Try it: Working through the lines below, return each one that holds "partial".

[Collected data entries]
▬▬▬
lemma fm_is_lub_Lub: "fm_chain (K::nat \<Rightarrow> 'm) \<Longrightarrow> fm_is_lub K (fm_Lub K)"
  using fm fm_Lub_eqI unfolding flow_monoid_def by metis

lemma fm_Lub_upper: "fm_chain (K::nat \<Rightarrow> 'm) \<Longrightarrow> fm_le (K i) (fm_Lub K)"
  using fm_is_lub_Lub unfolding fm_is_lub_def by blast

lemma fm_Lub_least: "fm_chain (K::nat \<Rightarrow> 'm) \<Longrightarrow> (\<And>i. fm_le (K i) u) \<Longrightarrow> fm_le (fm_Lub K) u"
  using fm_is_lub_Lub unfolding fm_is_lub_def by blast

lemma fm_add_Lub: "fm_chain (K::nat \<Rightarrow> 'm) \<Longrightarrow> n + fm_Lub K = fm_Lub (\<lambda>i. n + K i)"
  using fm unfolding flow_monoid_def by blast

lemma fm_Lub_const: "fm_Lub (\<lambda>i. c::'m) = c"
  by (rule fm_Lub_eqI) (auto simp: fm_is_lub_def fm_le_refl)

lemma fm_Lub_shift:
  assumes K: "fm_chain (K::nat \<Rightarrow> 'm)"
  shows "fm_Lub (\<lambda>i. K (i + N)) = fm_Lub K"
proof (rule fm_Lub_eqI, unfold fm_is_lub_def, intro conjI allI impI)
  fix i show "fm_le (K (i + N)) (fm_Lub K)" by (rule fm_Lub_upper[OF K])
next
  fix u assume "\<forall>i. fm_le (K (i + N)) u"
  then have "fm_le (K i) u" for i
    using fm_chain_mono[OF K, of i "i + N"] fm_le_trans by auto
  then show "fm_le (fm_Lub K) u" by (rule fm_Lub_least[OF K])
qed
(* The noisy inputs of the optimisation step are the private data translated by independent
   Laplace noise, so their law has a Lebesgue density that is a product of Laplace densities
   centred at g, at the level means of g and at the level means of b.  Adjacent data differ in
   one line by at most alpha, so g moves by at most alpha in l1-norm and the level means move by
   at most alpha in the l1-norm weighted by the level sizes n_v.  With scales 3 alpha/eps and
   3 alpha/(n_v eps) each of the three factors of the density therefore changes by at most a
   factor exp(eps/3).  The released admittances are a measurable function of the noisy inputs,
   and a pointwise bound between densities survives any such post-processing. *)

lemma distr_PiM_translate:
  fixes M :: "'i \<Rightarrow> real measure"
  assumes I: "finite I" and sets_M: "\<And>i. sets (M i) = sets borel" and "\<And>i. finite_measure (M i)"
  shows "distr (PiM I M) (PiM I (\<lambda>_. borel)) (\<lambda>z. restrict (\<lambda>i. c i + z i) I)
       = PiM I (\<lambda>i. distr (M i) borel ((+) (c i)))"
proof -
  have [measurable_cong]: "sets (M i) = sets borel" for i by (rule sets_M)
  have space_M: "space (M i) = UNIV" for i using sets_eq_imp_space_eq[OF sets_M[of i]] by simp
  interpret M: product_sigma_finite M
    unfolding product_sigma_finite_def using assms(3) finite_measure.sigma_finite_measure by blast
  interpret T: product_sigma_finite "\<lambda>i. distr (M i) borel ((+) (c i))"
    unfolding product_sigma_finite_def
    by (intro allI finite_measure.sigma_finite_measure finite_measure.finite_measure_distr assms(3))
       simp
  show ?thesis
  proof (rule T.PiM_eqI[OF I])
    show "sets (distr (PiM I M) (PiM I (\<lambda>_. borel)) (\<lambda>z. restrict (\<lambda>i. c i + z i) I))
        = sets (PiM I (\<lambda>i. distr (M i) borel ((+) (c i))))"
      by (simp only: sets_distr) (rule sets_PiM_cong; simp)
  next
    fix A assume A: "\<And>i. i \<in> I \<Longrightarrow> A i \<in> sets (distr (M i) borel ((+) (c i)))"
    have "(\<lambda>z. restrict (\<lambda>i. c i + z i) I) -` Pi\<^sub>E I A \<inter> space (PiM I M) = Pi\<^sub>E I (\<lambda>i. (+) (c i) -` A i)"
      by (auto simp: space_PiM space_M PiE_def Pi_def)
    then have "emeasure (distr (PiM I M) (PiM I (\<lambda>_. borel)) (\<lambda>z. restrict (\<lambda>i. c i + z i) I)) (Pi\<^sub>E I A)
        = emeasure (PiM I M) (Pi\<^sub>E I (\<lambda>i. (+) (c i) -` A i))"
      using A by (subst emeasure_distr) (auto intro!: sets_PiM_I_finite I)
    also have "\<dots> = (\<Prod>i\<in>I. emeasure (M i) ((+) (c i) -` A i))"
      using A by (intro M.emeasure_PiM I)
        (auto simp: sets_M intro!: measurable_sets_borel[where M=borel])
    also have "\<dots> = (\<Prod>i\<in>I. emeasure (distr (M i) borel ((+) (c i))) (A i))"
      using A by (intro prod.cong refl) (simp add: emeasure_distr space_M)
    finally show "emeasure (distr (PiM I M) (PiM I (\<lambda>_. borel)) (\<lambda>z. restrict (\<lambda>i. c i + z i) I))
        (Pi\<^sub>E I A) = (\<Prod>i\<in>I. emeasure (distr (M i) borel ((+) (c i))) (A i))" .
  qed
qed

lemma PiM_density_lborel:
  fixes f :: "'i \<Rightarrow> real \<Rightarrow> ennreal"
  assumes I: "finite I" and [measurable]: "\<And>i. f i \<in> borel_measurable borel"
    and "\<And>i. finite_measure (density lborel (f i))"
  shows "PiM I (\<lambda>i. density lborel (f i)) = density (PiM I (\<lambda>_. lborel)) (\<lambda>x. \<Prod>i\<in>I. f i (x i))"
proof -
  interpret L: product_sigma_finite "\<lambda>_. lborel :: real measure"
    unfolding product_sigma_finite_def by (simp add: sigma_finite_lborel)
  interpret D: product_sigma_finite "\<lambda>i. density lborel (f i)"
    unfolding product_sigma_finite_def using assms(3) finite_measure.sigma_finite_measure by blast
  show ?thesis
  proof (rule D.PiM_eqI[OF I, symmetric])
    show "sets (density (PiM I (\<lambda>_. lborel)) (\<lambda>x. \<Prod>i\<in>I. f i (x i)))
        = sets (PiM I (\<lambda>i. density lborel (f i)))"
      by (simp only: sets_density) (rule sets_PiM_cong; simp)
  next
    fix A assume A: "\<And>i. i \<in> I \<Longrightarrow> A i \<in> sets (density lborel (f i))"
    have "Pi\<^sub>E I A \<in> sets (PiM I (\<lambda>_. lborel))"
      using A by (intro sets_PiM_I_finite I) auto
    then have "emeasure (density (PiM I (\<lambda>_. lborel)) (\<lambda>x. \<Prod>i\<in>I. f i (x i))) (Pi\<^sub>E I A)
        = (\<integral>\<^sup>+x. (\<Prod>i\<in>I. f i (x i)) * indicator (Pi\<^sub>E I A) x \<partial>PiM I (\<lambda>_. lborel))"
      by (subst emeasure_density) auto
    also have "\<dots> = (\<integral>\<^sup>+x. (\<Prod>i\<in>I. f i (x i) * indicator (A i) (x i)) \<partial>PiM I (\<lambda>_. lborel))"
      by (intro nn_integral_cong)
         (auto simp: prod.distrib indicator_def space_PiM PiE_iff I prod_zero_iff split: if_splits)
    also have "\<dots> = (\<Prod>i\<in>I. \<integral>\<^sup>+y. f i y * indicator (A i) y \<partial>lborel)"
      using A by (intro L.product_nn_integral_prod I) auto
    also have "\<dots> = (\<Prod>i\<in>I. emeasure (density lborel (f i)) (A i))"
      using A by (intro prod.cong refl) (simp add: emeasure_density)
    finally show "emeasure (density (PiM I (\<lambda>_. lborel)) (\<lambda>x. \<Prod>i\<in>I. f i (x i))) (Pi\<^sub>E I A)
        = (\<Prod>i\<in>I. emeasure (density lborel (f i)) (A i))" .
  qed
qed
▬▬▬
Task response:
        = (\<integral>\<^sup>+x. (\<Prod>i\<in>I. f i (x i)) * indicator (Pi\<^sub>E I A) x \<partial>PiM I (\<lambda>_. lborel))"
    also have "\<dots> = (\<integral>\<^sup>+x. (\<Prod>i\<in>I. f i (x i) * indicator (A i) (x i)) \<partial>PiM I (\<lambda>_. lborel))"
    also have "\<dots> = (\<Prod>i\<in>I. \<integral>\<^sup>+y. f i y * indicator (A i) y \<partial>lborel)"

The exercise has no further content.